The event loop and the microtask queue

How JavaScript's single-threaded event loop decides what runs next, the foundation for every async pattern in the rest of the course.

Trace this program in your head and write down the order the four letters print:

console.log('a');
Promise.resolve().then(() => console.log('b'));
setTimeout(() => console.log('c'), 0);
queueMicrotask(() => console.log('d'));

If you had to defend your answer to a colleague, what would you say? The setTimeout delay is 0, so does it fire immediately? The Promise.resolve() is already resolved by the time .then runs, so does its callback skip the queue? Intuition will not settle these questions, but a model of how the runtime works will.
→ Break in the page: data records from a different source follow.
(* For each eigenvalue s = sigma_j^2 of A A^T, the summand of H_2 is a combination of the
   geometric sequences Delta^(t+1), lambda_2^(t+1), lambda_3^(t+1), where lambda_2, lambda_3
   are the roots of x^2 - (Omega^2 - 2 Delta) x + Delta^2.  The step-size condition puts
   Omega in (0, 1 + Delta), which by the Schur-Cohn criterion puts both roots inside the unit
   disc, so the series converges to s^2 (1 + Delta) / ((1 - Delta) ((1 + Delta)^2 - Omega^2)).
   Since (1 + Delta)^2 - Omega^2 = gamma zeta s (1 + Delta + Omega) >= gamma zeta s (1 + Delta),
   the contribution of sigma_j to the norm of the kernel is at most (1 - zeta) gamma s / (1 - Delta);
   averaging over j and using tr(A A^T) = sum_j sigma_j^2 bounds the norm by the left-hand
   side of the trace hypothesis. *)

hide_const (open) Coset.kernel

lemma mat_trace_mult_comm:
  fixes X Y :: "'a::comm_ring_1 mat"
  assumes X: "X \<in> carrier_mat n m" and Y: "Y \<in> carrier_mat m n"
  shows "mat_trace (X * Y) = mat_trace (Y * X)"
proof -
  have "mat_trace (X * Y) = (\<Sum>i<n. \<Sum>k<m. X $$ (i,k) * Y $$ (k,i))"
    using X Y by (simp add: mat_trace_def scalar_prod_def lessThan_atLeast0)
  also have "\<dots> = (\<Sum>k<m. \<Sum>i<n. Y $$ (k,i) * X $$ (i,k))"
    by (subst sum.swap) (simp add: mult.commute)
  also have "\<dots> = mat_trace (Y * X)"
    using X Y by (simp add: mat_trace_def scalar_prod_def lessThan_atLeast0)
  finally show ?thesis .
qed

lemma mat_trace_similar:
  fixes A B :: "'a::comm_ring_1 mat"
  assumes "similar_mat A B"
  shows "mat_trace A = mat_trace B"
proof -
  obtain n P Q where carrier: "{A, B, P, Q} \<subseteq> carrier_mat n n"
    and QP: "Q * P = 1\<^sub>m n" and A: "A = P * B * Q"
    using similar_matD[OF assms] by blast
  then have P: "P \<in> carrier_mat n n" and B: "B \<in> carrier_mat n n" and Q: "Q \<in> carrier_mat n n"
    by auto
  have "mat_trace A = mat_trace (P * (B * Q))"
    unfolding A using P B Q by (simp add: assoc_mult_mat)
  also have "\<dots> = mat_trace (B * Q * P)"
    using P B Q by (intro mat_trace_mult_comm) auto
  also have "B * Q * P = B"
    using B Q P QP by (simp add: assoc_mult_mat)
  finally show ?thesis .
qed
By the end of the lesson you should be able to walk anyone through why this is the only order the runtime could produce, with no guessing. Don’t try to solve the puzzle yet. For now, just notice that you can’t, then learn the machinery that closes the gap.

Chapter 7 is about predicting and shaping async execution. This first lesson installs the runtime model that the rest of the chapter builds on, before later lessons cover Promises, async/await patterns, and cancellation. A single thread juggles many pending pieces of work, and the question is always which one runs next. The answer is mechanical, not a matter of intuition.

The three-part runtime

Section titled “The three-part runtime”

JavaScript runs on a single thread. To decide what runs next, the runtime uses one stack and two queues, together called the event loop . Each of these three pieces follows its own rules, so each gets its own name.

Call stack
Top (runs now) ↓
frame
frame
frame
Synchronous frames.
Top entry is what runs now.
Microtask queue
Next →
task
task
task
task
Promise continuations,
await resumptions, queueMicrotask.
Macrotask queue
Next →
task
task
task
setTimeout, I/O,
message events, user input.
The call stack drains synchronous code; between macrotasks the microtask queue is drained completely.
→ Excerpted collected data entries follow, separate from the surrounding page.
text \<open>Values of terms live in X + Y. Assignments: \<open>ax n r\<close> is the value of
  the variable (n, SX, r), \<open>ay n r\<close> that of (n, SY, r).\<close>
fun tm_eval :: "('x::real_normed_vector \<Rightarrow> 'y::real_normed_vector) \<Rightarrow>
    (nat \<Rightarrow> rat \<Rightarrow> 'x) \<Rightarrow> (nat \<Rightarrow> rat \<Rightarrow> 'y) \<Rightarrow> tm \<Rightarrow> 'x + 'y" where
  "tm_eval T ax ay (V n SX r) = Inl (ax n r)"
| "tm_eval T ax ay (V n SY r) = Inr (ay n r)"
| "tm_eval T ax ay (Inc sd r s t) = tm_eval T ax ay t"
| "tm_eval T ax ay (Add sd r s t u) =
     (case (tm_eval T ax ay t, tm_eval T ax ay u) of
        (Inl a, Inl b) \<Rightarrow> Inl (a + b)
      | (Inr a, Inr b) \<Rightarrow> Inr (a + b)
      | (a, b) \<Rightarrow> a)"
| "tm_eval T ax ay (Scal sd l r t) =
     (case tm_eval T ax ay t of
        Inl a \<Rightarrow> Inl (real_of_rat l *\<^sub>R a)
      | Inr b \<Rightarrow> Inr (real_of_rat l *\<^sub>R b))"
| "tm_eval T ax ay (App r s t) =
     (case tm_eval T ax ay t of Inl a \<Rightarrow> Inr (T a) | Inr b \<Rightarrow> Inr b)"

fun snorm :: "('x::real_normed_vector) + ('y::real_normed_vector) \<Rightarrow> real" where
  "snorm (Inl a) = norm a"
| "snorm (Inr b) = norm b"

fun sdiff :: "('x::real_normed_vector) + ('y::real_normed_vector) \<Rightarrow> 'x + 'y \<Rightarrow> real" where
  "sdiff (Inl a) (Inl b) = norm (a - b)"
| "sdiff (Inr a) (Inr b) = norm (a - b)"
| "sdiff _ _ = 0"

fun fm_val :: "('x::real_normed_vector \<Rightarrow> 'y::real_normed_vector) \<Rightarrow>
    (nat \<Rightarrow> rat \<Rightarrow> 'x) \<Rightarrow> (nat \<Rightarrow> rat \<Rightarrow> 'y) \<Rightarrow> fm \<Rightarrow> real" where
  "fm_val T ax ay (FNorm sd r t) = snorm (tm_eval T ax ay t) / real_of_rat r"
| "fm_val T ax ay (FDist sd r t u) =
     sdiff (tm_eval T ax ay t) (tm_eval T ax ay u) / (2 * real_of_rat r)"
| "fm_val T ax ay (FNeg \<phi>) = 1 - fm_val T ax ay \<phi>"
| "fm_val T ax ay (FHalf \<phi>) = fm_val T ax ay \<phi> / 2"
| "fm_val T ax ay (FPlus \<phi> \<psi>) = min (fm_val T ax ay \<phi> + fm_val T ax ay \<psi>) 1"
| "fm_val T ax ay (FInf n SX r \<phi>) =
     (INF x\<in>{x. norm x \<le> real_of_rat r}. fm_val T (ax(n := (ax n)(r := x))) ay \<phi>)"
| "fm_val T ax ay (FInf n SY r \<phi>) =
     (INF y\<in>{y. norm y \<le> real_of_rat r}. fm_val T ax (ay(n := (ay n)(r := y))) \<phi>)"
| "fm_val T ax ay (FSup n SX r \<phi>) =
     (SUP x\<in>{x. norm x \<le> real_of_rat r}. fm_val T (ax(n := (ax n)(r := x))) ay \<phi>)"
| "fm_val T ax ay (FSup n SY r \<phi>) =
     (SUP y\<in>{y. norm y \<le> real_of_rat r}. fm_val T ax (ay(n := (ay n)(r := y))) \<phi>)"

text \<open>Operator symbols T_{r,s} available for T: those with s \<ge> \<parallel>T\<parallel> r.\<close>
definition op_sig :: "('x::real_normed_vector \<Rightarrow> 'y::real_normed_vector) \<Rightarrow> rat \<Rightarrow> rat \<Rightarrow> bool" where
  "op_sig T r s \<longleftrightarrow> onorm T * real_of_rat r \<le> real_of_rat s"

text \<open>Elementary equivalence: equal values of all finitary sentences of the
  common signature (sentences evaluated at an arbitrary fixed assignment,
  here the zero assignment, on which closed formulas do not depend).\<close>
definition op_elem_equiv ::
  "('x::real_normed_vector \<Rightarrow> 'y::real_normed_vector) \<Rightarrow>
   ('u::real_normed_vector \<Rightarrow> 'v::real_normed_vector) \<Rightarrow> bool" where
  "op_elem_equiv T T' \<longleftrightarrow>
     (\<forall>\<phi>. wf_fm (\<lambda>r s. op_sig T r s \<and> op_sig T' r s) \<phi> \<and> fv_fm \<phi> = {} \<longrightarrow>
        fm_val T (\<lambda>_ _. 0) (\<lambda>_ _. 0) \<phi> = fm_val T' (\<lambda>_ _. 0) (\<lambda>_ _. 0) \<phi>)"

end

theory Submission
  imports Defs
begin

text \<open>Call \<open>T\<close> almost open with constant \<open>c\<close> if every point of the closed unit ball of
  \<open>Y\<close> is a limit of images of points of norm at most \<open>c\<close>. For bounded operators between Banach
  spaces, surjectivity is equivalent to being almost open with some constant: one direction is
  the Baire category argument of the open mapping theorem, the other the usual successive
  approximation. Almost openness with a rational constant \<open>q\<close> says exactly that the sentence
  \<open>sup\<^sub>y inf\<^sub>x d(T x, y)\<close> (over \<open>y \<in> B\<^sub>Y(1)\<close>, \<open>x \<in> B\<^sub>X(q)\<close>) has value \<open>0\<close>; this
  sentence lies in the common signature as soon as the target sort is large enough for both
  operators, so elementary equivalence transfers almost openness, and hence surjectivity.\<close>

definition almost_open_with :: "('x::real_normed_vector \<Rightarrow> 'y::real_normed_vector) \<Rightarrow> real \<Rightarrow> bool"
  where "almost_open_with T c \<longleftrightarrow>
    (\<forall>y \<epsilon>. norm y \<le> 1 \<longrightarrow> \<epsilon> > 0 \<longrightarrow> (\<exists>x. norm x \<le> c \<and> norm (T x - y) < \<epsilon>))"

lemma almost_open_with_mono:
  fixes T :: "'x::real_normed_vector \<Rightarrow> 'y::real_normed_vector"
  assumes "almost_open_with T c" and "c \<le> d"
  shows "almost_open_with T d"
  unfolding almost_open_with_def
proof (intro allI impI)
  fix y :: 'y and \<epsilon> :: real assume "norm y \<le> 1" "\<epsilon> > 0"
  then obtain x where x: "norm x \<le> c" "norm (T x - y) < \<epsilon>"
    using assms(1) unfolding almost_open_with_def by blast
  have "norm x \<le> d" using x(1) assms(2) by linarith
  with x(2) show "\<exists>x. norm x \<le> d \<and> norm (T x - y) < \<epsilon>"
    by blast
qed

lemma almost_open_with_nonneg:
  fixes T :: "'x::real_normed_vector \<Rightarrow> 'y::real_normed_vector"
  assumes "almost_open_with T c"
  shows "0 \<le> c"
proof -
  have "norm (0::'y) \<le> 1" "(1::real) > 0" by simp_all
  then have "\<exists>x. norm x \<le> c \<and> norm (T x - 0) < 1"
    using assms unfolding almost_open_with_def by blast
  then show ?thesis using norm_ge_zero order_trans by blast
qed

lemma almost_open_with_halving:
  fixes T :: "'x::real_normed_vector \<Rightarrow> 'y::real_normed_vector"
  assumes "linear T" and "almost_open_with T c"
  shows "\<exists>x. norm x \<le> c * norm y \<and> norm (T x - y) \<le> norm y / 2"
proof (cases "y = 0")
  case True
  then show ?thesis
    using assms by (intro exI[of _ 0]) (simp add: linear_0 almost_open_with_nonneg)
next
  case False
  define u where "u = y /\<^sub>R norm y"
  have "norm u \<le> 1" "(1/2::real) > 0" using False by (simp_all add: u_def)
  then obtain x where x: "norm x \<le> c" "norm (T x - u) < 1/2"
    using assms(2) unfolding almost_open_with_def by blast
  have "T (norm y *\<^sub>R x) - y = norm y *\<^sub>R (T x - u)"
    using False assms(1) by (simp add: u_def linear_scale scaleR_diff_right)
  then have "norm (T (norm y *\<^sub>R x) - y) = norm y * norm (T x - u)" by simp
  also have "\<dots> \<le> norm y / 2"
    using x(2) mult_left_mono[of "norm (T x - u)" "1/2" "norm y"] by simp
  finally show ?thesis
    using x(1) mult_left_mono[OF x(1) norm_ge_zero[of y]]
    by (intro exI[of _ "norm y *\<^sub>R x"]) (simp add: mult.commute)
qed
The call stack is where synchronous code runs. When a function is called, a frame is pushed onto the stack, and when it returns, that frame pops off. Nothing else runs while the stack is non-empty. This is the part of JavaScript you have been working with from the start: the ordinary function-call mechanism.

The microtask queue holds Promise continuations, meaning the callback passed to .then and the code that comes after each await, plus any callback handed to queueMicrotask(fn). Its defining rule is that the queue is drained completely between every two macrotasks: the loop does not move on until the queue is empty.
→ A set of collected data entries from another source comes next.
(* Expand the first column e 0 + c * e (2p + d) by linearity: the e 0 term appends a zero part,
   and the mirror term, moved past the other p columns, adds a hook of arm p + d - 1 and leg p. *)
lemma det_cols_folded_cols:
  fixes e :: "nat \<Rightarrow> nat \<Rightarrow> 'a::comm_ring_1"
  assumes "d \<le> 2" and "length pre + p \<le> n"
  shows "det_cols n (pre @ folded_cols d e p @ post)
    = (\<Sum>lam\<in>shifted_parts d p. hook_sign d lam * det_cols n (pre @ partition_cols e p lam @ post))"
  using assms(2)
proof (induction p arbitrary: e pre)
  case 0
  then show ?case
    by (simp add: shifted_parts_0 folded_cols_def partition_cols_def hook_sign_def sign_weight_def
        psize_def frob_rank_def)
next
  case (Suc p)
  let ?e = "\<lambda>k. e (Suc k)" and ?c = "fold_coeff d (Suc p) 0 :: 'a" and ?m = "e (2 * p + d)"
  let ?hook = "\<lambda>lam. (p + d) # map Suc lam"
  have IH: "det_cols n (pre @ v # folded_cols d ?e p @ post)
      = (\<Sum>lam\<in>shifted_parts d p. hook_sign d lam * det_cols n (pre @ v # partition_cols ?e p lam @ post))" for v
    using Suc.IH[of "pre @ [v]"] Suc.prems by simp
  have expand: "det_cols n (pre @ folded_cols d e (Suc p) @ post)
      = det_cols n (pre @ e 0 # folded_cols d ?e p @ post) + ?c * det_cols n (pre @ ?m # folded_cols d ?e p @ post)"
    using det_cols_linear[of pre n] Suc.prems by (simp add: folded_cols_Suc)
  have zero_part: "det_cols n (pre @ e 0 # folded_cols d ?e p @ post)
      = (\<Sum>lam\<in>shifted_parts d p.
           hook_sign d (lam @ [0]) * det_cols n (pre @ partition_cols e (Suc p) (lam @ [0]) @ post))"
    unfolding IH by (intro sum.cong)
      (simp_all add: partition_cols_append_zero length_shifted_parts hook_sign_append_zero)
  have hook_part: "?c * det_cols n (pre @ ?m # folded_cols d ?e p @ post)
      = (\<Sum>lam\<in>shifted_parts d p.
           hook_sign d (?hook lam) * det_cols n (pre @ partition_cols e (Suc p) (?hook lam) @ post))"
    if "1 \<le> p + d"
  proof -
    have "?c = (if d = 0 then 1 else -1)"
      using that unfolding fold_coeff_def by auto
    moreover have "det_cols n (pre @ ?m # partition_cols ?e p lam @ post)
        = (-1) ^ p * det_cols n (pre @ partition_cols e (Suc p) (?hook lam) @ post)"
      if "lam \<in> shifted_parts d p" for lam
      using det_cols_partition_cols_add_hook[OF length_shifted_parts[OF that] Suc.prems, of e "p + d"]
      by (simp add: mult_2 add_ac)
    ultimately show ?thesis
      unfolding IH sum_distrib_left
      by (intro sum.cong refl) (simp add: hook_sign_add_hook[OF length_shifted_parts assms(1) that])
  qed
  show ?case
  proof (cases "1 \<le> p + d")
    case True
    then show ?thesis unfolding expand zero_part hook_part[OF True] sum_shifted_parts_Suc by simp
  next
    case False
    then have "?c = 0" unfolding fold_coeff_def by simp
    then show ?thesis unfolding expand zero_part sum_shifted_parts_Suc using False by simp
  qed
qed

section \<open>A Chebyshev-type basis\<close>

(* For d = 0 the member with k = 0 is x^N rather than 2 x^N; this causes the correction
   term at k = 1 in cheb_basis_recurrence. *)
definition cheb_coeff :: "nat \<Rightarrow> nat \<Rightarrow> 'a::comm_ring_1" where
  "cheb_coeff d k = (if d = 0 then (if k = 0 then 0 else 1) else -1)"

definition cheb_basis :: "nat \<Rightarrow> int \<Rightarrow> 'a::field \<Rightarrow> nat \<Rightarrow> 'a" where
  "cheb_basis d N x k = x powi (N - int k) + cheb_coeff d k * x powi (N + int k + int d)"

definition edge_factor :: "nat \<Rightarrow> 'a::comm_ring_1 \<Rightarrow> 'a" where
  "edge_factor d x = (if d = 0 then 1 else 1 - x ^ d)"

lemma cheb_basis_0: "x \<noteq> 0 \<Longrightarrow> cheb_basis d N x 0 = edge_factor d x * x powi N"
  unfolding cheb_basis_def cheb_coeff_def edge_factor_def
  by (simp add: power_int_add algebra_simps)

lemma x_plus_inverse_mult_powi:
  fixes x :: "'a::field"
  assumes "x \<noteq> 0"
  shows "(x + inverse x) * x powi a = x powi (a + 1) + x powi (a - 1)"
proof -
  have "x * x powi a = x powi (a + 1)"
    using assms by (simp add: power_int_add_1')
  moreover have "inverse x * x powi a = x powi (a - 1)"
    using assms by (simp add: power_int_diff field_simps)
  ultimately show ?thesis by (simp add: distrib_right)
qed

lemma x_plus_inverse_mult_cheb_basis:
  fixes x :: "'a::field"
  assumes "x \<noteq> 0"
  shows "(x + inverse x) * cheb_basis d N x k
    = x powi (N - int k + 1) + x powi (N - int k - 1)
      + cheb_coeff d k * x powi (N + int k + int d + 1) + cheb_coeff d k * x powi (N + int k + int d - 1)"
proof -
  have "(x + inverse x) * (c * y) = c * ((x + inverse x) * y)" for c y :: 'a
    by (simp only: mult.left_commute)
  then show ?thesis
    unfolding cheb_basis_def
    by (simp only: distrib_left x_plus_inverse_mult_powi[OF assms] add.assoc)
qed

lemma cheb_basis_Suc:
  "cheb_basis d N x (Suc k) = x powi (N - int k - 1) + cheb_coeff d (Suc k) * x powi (N + int k + int d + 1)"
  unfolding cheb_basis_def by (simp add: diff_diff_eq add_ac)

lemma cheb_basis_recurrence:
  fixes x :: "'a::field"
  assumes "x \<noteq> 0" and "d \<le> 2"
  shows "(x + inverse x) * cheb_basis d N x k
    = cheb_basis d N x (Suc k) + (if k = 0 then 0 else cheb_basis d N x (k - 1))
      + (if d = 1 \<and> k = 0 then -1 else if d = 0 \<and> k = 1 then 1 else 0) * cheb_basis d N x 0"
proof -
  let ?c = "cheb_coeff d :: nat \<Rightarrow> 'a"
  note expand = x_plus_inverse_mult_cheb_basis[OF assms(1)] cheb_basis_Suc
  consider (zero) "k = 0" | (one) "k = 1" | (ge2) "2 \<le> k" by linarith
  then show ?thesis
  proof cases
    case zero
    have "d = 0 \<or> d = 1 \<or> d = 2" using assms(2) by auto
    then show ?thesis
      unfolding expand using zero by (auto simp: cheb_basis_def cheb_coeff_def add_ac)
  next
    case one
    then show ?thesis
      unfolding expand by (auto simp: cheb_basis_def cheb_coeff_def add_ac)
  next
    case ge2
    have "N - int (k - 1) = N - int k + 1" and "N + int (k - 1) + int d = N + int k + int d - 1"
      using ge2 by simp_all
    then have prev: "cheb_basis d N x (k - 1)
        = x powi (N - int k + 1) + ?c (k - 1) * x powi (N + int k + int d - 1)"
      unfolding cheb_basis_def by (simp only:)
    have "?c (Suc k) = ?c k" and "?c (k - 1) = ?c k"
      using ge2 unfolding cheb_coeff_def by auto
    then show ?thesis
      unfolding expand prev using ge2 by (simp add: add_ac)
  qed
qed

definition cheb_col :: "nat \<Rightarrow> (nat \<Rightarrow> 'a::field) \<Rightarrow> (nat \<Rightarrow> 'a) \<Rightarrow> nat \<Rightarrow> nat \<Rightarrow> nat \<Rightarrow> 'a" where
  "cheb_col d x g m k i = g i * cheb_basis d (int m - 1) (x i) k"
The macrotask queue (sometimes just called the “task” queue) holds setTimeout and setInterval callbacks, I/O completion callbacks, message events, and user-input handlers. Its defining rule is that the loop runs only one macrotask per iteration.

The whole lesson rests on the asymmetry between these two queues: macrotasks are processed one per loop iteration, while microtasks are processed until the queue is empty. So a microtask scheduled by another microtask still runs in the same drain, but a macrotask scheduled during an iteration has to wait for a later one.

The tick recipe

Section titled “The tick recipe”

The loop is a four-step algorithm, and you can run it on paper.

  1. Run one macrotask to completion. The initial evaluation of your script counts as the first macrotask. Its synchronous code pushes and pops frames on the call stack until the stack is empty.

  2. Drain the microtask queue. Run every microtask one after another. If a microtask schedules another microtask, that new one runs in this same drain, and the queue is fully empty before the loop moves on.

  3. (Browser only) Render, if it is time. The renderer can choose to paint between macrotasks. The exact timing is the browser’s call; for our purposes it is enough to know that rendering lives here, after the microtask drain and before the next macrotask.

  4. Pick the next macrotask. Go back to step 1.

The recipe also explains what goes wrong with a runaway microtask chain. Step 2 says the loop will not advance until the microtask queue is empty, so a chain of microtasks that keeps enqueueing more microtasks blocks rendering, I/O, and user input. Every other task in the system waits behind it. The performance unit later in the course covers how to yield during long work by deliberately scheduling a macrotask between batches. For now, just keep the cost in mind: microtask-heavy code can stop the loop from giving the other queues a turn.

Walking one tick: the canonical interleaving

Section titled “Walking one tick: the canonical interleaving”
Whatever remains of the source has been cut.